| Prompt |
Range to reproduce from the entries below: the line with "(prod_topology T T)", the line with "ar ?Q (quotient_ops", and every line in between. Give them exactly and give nothing else.

* * * * * * *

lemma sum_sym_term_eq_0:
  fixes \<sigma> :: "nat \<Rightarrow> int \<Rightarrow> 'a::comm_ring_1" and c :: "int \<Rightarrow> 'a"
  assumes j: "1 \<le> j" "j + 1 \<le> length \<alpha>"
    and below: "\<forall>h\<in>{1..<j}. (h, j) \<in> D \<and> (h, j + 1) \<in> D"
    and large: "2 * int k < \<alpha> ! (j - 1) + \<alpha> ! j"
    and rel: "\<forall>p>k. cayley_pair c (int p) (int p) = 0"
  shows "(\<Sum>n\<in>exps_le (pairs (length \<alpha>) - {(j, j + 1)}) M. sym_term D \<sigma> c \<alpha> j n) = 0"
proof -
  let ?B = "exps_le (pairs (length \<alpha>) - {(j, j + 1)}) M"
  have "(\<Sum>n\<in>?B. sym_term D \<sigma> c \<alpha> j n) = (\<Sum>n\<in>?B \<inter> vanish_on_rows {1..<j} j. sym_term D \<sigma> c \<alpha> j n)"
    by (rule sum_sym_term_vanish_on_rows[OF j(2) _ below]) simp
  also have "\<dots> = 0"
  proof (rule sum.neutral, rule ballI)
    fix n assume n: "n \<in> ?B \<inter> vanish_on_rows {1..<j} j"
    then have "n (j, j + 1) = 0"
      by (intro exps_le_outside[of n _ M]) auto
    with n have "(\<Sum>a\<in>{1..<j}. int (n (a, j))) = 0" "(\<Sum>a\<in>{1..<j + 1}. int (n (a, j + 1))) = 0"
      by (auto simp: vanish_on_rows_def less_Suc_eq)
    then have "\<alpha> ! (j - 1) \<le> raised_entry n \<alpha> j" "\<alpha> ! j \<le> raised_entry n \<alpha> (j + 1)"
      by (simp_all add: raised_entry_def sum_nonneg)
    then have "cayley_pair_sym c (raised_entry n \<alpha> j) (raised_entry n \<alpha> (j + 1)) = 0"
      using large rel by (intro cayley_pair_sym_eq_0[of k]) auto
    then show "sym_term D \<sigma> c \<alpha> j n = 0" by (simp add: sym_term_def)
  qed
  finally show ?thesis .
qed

* * * * * * *

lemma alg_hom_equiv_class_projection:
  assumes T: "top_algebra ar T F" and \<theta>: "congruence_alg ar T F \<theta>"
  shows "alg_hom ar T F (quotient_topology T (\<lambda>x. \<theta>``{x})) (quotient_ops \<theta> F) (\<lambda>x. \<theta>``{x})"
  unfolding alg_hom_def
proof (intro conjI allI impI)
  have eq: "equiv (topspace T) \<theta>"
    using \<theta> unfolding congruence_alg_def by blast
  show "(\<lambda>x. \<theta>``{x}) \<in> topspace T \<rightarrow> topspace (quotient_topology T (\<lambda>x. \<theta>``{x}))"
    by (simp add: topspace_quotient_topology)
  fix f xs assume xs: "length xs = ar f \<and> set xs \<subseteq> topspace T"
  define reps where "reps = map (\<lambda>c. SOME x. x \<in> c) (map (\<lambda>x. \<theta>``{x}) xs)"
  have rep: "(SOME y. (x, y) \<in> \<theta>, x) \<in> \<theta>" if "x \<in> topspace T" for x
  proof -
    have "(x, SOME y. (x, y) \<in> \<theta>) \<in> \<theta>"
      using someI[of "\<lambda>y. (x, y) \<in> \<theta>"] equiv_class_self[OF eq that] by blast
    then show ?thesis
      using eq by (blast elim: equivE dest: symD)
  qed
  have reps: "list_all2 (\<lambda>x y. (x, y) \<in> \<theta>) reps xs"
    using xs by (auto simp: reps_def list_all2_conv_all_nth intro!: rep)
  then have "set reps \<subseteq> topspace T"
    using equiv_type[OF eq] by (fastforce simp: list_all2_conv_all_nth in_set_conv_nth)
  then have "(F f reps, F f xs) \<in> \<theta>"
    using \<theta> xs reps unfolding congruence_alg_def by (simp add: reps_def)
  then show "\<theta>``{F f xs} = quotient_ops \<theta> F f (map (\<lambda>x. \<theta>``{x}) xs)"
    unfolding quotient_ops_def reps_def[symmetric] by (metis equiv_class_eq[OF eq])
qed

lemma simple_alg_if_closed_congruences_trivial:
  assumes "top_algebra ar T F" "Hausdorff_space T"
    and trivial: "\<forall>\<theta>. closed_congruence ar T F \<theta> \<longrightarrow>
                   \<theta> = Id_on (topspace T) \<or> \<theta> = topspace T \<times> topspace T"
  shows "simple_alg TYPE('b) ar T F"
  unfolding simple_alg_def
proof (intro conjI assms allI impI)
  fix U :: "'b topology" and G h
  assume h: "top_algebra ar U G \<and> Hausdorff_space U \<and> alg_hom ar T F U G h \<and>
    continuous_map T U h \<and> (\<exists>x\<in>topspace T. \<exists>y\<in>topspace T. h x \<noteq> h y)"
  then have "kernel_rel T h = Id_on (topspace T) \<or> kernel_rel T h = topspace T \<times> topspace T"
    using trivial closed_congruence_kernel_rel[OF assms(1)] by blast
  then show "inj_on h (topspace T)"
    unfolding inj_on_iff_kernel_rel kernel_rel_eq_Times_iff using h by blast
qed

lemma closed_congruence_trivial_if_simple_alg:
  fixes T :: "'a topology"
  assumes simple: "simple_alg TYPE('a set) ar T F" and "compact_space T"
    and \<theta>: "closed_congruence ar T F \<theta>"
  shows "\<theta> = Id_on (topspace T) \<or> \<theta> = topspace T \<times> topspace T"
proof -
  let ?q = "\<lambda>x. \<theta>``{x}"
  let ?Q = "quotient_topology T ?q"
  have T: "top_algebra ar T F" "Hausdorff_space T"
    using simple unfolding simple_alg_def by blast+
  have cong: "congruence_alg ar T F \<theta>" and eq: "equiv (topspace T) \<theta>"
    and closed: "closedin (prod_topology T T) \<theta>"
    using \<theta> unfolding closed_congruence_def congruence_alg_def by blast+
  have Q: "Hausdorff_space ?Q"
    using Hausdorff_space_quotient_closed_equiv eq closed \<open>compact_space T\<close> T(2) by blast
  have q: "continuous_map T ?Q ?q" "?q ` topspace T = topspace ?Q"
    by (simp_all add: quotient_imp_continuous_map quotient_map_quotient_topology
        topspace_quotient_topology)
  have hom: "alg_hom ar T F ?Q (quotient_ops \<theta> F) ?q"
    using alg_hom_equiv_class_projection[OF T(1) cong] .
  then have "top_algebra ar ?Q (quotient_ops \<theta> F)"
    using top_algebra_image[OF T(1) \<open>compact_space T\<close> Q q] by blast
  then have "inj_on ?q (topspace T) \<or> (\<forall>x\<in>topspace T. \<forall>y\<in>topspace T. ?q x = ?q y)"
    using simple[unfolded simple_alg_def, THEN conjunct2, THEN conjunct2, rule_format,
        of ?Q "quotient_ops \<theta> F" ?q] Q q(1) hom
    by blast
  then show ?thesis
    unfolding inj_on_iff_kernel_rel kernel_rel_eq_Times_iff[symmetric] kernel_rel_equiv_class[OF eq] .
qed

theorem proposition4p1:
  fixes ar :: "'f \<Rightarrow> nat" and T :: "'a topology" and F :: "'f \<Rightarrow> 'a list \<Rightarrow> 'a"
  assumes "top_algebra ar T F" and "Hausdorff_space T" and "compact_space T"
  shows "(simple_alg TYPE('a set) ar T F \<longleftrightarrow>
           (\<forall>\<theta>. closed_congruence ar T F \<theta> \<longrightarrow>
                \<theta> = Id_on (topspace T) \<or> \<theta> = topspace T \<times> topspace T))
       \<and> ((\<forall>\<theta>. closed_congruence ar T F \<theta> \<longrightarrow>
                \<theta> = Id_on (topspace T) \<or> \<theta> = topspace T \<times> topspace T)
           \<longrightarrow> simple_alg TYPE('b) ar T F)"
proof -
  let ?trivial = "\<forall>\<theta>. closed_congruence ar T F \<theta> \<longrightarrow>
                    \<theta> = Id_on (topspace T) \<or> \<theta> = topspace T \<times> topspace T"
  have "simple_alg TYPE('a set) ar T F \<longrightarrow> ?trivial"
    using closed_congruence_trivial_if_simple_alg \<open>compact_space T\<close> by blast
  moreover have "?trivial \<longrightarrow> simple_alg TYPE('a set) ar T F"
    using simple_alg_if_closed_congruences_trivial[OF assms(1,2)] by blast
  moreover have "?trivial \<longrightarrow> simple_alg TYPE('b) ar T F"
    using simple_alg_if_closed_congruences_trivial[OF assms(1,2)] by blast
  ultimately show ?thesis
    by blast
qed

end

* * * * * * *

| Result for this exercise |
    and closed: "closedin (prod_topology T T) \<theta>"
    using \<theta> unfolding closed_congruence_def congruence_alg_def by blast+
  have Q: "Hausdorff_space ?Q"
    using Hausdorff_space_quotient_closed_equiv eq closed \<open>compact_space T\<close> T(2) by blast
  have q: "continuous_map T ?Q ?q" "?q ` topspace T = topspace ?Q"
    by (simp_all add: quotient_imp_continuous_map quotient_map_quotient_topology
        topspace_quotient_topology)
  have hom: "alg_hom ar T F ?Q (quotient_ops \<theta> F) ?q"
    using alg_hom_equiv_class_projection[OF T(1) cong] .
  then have "top_algebra ar ?Q (quotient_ops \<theta> F)"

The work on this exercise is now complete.